◆ Records:
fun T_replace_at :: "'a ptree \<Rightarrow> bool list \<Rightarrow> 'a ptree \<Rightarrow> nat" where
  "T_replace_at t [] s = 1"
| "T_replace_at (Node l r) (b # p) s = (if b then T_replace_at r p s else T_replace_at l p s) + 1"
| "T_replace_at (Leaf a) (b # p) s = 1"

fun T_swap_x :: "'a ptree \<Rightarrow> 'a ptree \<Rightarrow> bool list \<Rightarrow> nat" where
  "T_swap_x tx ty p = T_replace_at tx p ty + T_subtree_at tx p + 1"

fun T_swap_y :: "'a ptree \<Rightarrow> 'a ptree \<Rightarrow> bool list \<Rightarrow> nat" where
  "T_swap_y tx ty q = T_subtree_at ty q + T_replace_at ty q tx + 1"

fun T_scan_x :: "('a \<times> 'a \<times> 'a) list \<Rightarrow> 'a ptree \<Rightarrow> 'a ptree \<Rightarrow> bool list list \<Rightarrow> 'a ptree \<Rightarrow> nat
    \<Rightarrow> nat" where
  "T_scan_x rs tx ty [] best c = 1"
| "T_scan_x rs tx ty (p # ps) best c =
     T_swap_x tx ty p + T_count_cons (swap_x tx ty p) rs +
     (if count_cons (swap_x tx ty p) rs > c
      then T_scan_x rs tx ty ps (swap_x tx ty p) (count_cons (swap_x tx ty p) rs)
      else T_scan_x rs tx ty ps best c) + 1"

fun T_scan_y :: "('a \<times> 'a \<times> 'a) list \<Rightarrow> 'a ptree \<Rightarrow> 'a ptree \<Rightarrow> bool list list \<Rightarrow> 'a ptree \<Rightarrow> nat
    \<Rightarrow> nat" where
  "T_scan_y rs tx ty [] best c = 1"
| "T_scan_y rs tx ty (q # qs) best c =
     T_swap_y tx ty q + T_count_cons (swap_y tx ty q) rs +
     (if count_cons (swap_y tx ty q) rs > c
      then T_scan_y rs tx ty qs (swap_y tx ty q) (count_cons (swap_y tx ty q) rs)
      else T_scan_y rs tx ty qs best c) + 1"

* * *

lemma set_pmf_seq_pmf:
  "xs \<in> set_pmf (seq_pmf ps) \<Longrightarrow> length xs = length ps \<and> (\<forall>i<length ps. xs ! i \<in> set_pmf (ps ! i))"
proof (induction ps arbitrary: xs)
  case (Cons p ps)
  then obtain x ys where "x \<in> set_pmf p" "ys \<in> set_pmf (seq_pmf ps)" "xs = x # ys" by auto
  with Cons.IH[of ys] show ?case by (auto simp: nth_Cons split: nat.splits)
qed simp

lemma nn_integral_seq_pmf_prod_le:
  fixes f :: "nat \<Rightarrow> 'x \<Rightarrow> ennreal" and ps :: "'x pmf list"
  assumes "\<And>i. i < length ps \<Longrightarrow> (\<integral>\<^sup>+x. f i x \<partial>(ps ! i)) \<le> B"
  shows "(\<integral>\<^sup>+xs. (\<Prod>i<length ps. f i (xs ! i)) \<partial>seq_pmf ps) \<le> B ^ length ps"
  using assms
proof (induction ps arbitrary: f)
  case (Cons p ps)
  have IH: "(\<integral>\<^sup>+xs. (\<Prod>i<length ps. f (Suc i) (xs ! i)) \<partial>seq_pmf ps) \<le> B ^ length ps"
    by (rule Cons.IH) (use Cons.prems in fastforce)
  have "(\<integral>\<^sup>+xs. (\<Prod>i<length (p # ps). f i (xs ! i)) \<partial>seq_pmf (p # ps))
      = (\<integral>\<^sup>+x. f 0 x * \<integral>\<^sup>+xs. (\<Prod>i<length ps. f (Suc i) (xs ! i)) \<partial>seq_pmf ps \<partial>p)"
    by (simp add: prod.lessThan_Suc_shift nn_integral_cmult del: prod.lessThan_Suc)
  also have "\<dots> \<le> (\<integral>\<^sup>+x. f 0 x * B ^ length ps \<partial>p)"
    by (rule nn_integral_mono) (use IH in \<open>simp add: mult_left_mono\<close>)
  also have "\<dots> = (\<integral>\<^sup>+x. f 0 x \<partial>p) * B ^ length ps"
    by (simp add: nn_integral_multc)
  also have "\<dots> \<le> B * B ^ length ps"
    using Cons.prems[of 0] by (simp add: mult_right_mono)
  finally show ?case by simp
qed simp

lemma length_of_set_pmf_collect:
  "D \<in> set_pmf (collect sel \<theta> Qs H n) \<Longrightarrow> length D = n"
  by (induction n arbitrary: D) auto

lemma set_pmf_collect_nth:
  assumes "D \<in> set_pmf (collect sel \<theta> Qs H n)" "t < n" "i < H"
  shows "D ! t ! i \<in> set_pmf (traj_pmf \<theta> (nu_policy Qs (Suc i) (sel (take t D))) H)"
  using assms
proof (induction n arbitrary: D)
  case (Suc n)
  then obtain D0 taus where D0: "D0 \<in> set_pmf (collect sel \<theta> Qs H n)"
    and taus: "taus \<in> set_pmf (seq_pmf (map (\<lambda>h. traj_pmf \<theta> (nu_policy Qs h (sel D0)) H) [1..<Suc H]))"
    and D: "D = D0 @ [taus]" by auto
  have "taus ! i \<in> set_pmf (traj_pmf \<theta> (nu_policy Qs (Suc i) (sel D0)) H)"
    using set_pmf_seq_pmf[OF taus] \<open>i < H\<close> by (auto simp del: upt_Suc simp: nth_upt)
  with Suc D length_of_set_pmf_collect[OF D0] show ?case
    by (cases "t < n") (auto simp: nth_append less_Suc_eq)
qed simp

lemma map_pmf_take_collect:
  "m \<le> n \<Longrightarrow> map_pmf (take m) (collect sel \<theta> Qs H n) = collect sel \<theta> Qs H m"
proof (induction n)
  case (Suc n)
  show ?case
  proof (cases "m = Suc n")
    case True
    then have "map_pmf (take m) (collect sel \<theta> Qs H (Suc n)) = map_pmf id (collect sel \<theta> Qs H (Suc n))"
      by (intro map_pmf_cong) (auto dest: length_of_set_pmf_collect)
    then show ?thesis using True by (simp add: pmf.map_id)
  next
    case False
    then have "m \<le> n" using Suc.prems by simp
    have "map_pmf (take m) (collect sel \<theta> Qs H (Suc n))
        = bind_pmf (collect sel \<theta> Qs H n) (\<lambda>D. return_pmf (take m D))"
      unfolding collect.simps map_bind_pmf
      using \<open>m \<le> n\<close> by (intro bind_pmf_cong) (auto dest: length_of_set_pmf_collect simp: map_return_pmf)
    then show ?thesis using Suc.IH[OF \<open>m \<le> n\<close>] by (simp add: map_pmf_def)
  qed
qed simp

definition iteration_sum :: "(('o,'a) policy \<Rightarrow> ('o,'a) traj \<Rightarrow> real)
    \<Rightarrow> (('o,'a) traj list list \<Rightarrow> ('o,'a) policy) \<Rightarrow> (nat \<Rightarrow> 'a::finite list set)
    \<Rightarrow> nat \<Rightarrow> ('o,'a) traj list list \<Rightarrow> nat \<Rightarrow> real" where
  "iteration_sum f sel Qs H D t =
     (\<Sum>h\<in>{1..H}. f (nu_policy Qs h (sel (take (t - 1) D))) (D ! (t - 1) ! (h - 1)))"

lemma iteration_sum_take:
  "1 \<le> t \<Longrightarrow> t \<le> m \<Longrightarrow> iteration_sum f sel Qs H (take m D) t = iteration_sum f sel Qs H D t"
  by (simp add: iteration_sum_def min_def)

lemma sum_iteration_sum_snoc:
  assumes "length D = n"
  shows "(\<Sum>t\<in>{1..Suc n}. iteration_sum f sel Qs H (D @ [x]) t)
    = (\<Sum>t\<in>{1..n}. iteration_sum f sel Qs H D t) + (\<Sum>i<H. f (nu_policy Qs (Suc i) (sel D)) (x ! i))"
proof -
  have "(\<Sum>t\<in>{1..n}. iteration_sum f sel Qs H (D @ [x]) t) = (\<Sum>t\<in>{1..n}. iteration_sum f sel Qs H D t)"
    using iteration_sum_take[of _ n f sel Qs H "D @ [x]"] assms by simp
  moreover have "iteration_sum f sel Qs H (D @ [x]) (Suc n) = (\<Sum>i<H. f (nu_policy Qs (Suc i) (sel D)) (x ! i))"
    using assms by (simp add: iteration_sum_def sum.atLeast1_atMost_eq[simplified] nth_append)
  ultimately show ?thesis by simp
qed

◆ Your goal: Above are the records; copy exactly the lines from the line with "proof (induction n arbitrary: D)" through the line with "using set_pmf_seq_pmf[OF taus]", both included.

◆ Solution to this problem:
proof (induction n arbitrary: D)
  case (Suc n)
  then obtain D0 taus where D0: "D0 \<in> set_pmf (collect sel \<theta> Qs H n)"
    and taus: "taus \<in> set_pmf (seq_pmf (map (\<lambda>h. traj_pmf \<theta> (nu_policy Qs h (sel D0)) H) [1..<Suc H]))"
    and D: "D = D0 @ [taus]" by auto
  have "taus ! i \<in> set_pmf (traj_pmf \<theta> (nu_policy Qs (Suc i) (sel D0)) H)"
    using set_pmf_seq_pmf[OF taus] \<open>i < H\<close> by (auto simp del: upt_Suc simp: nth_upt)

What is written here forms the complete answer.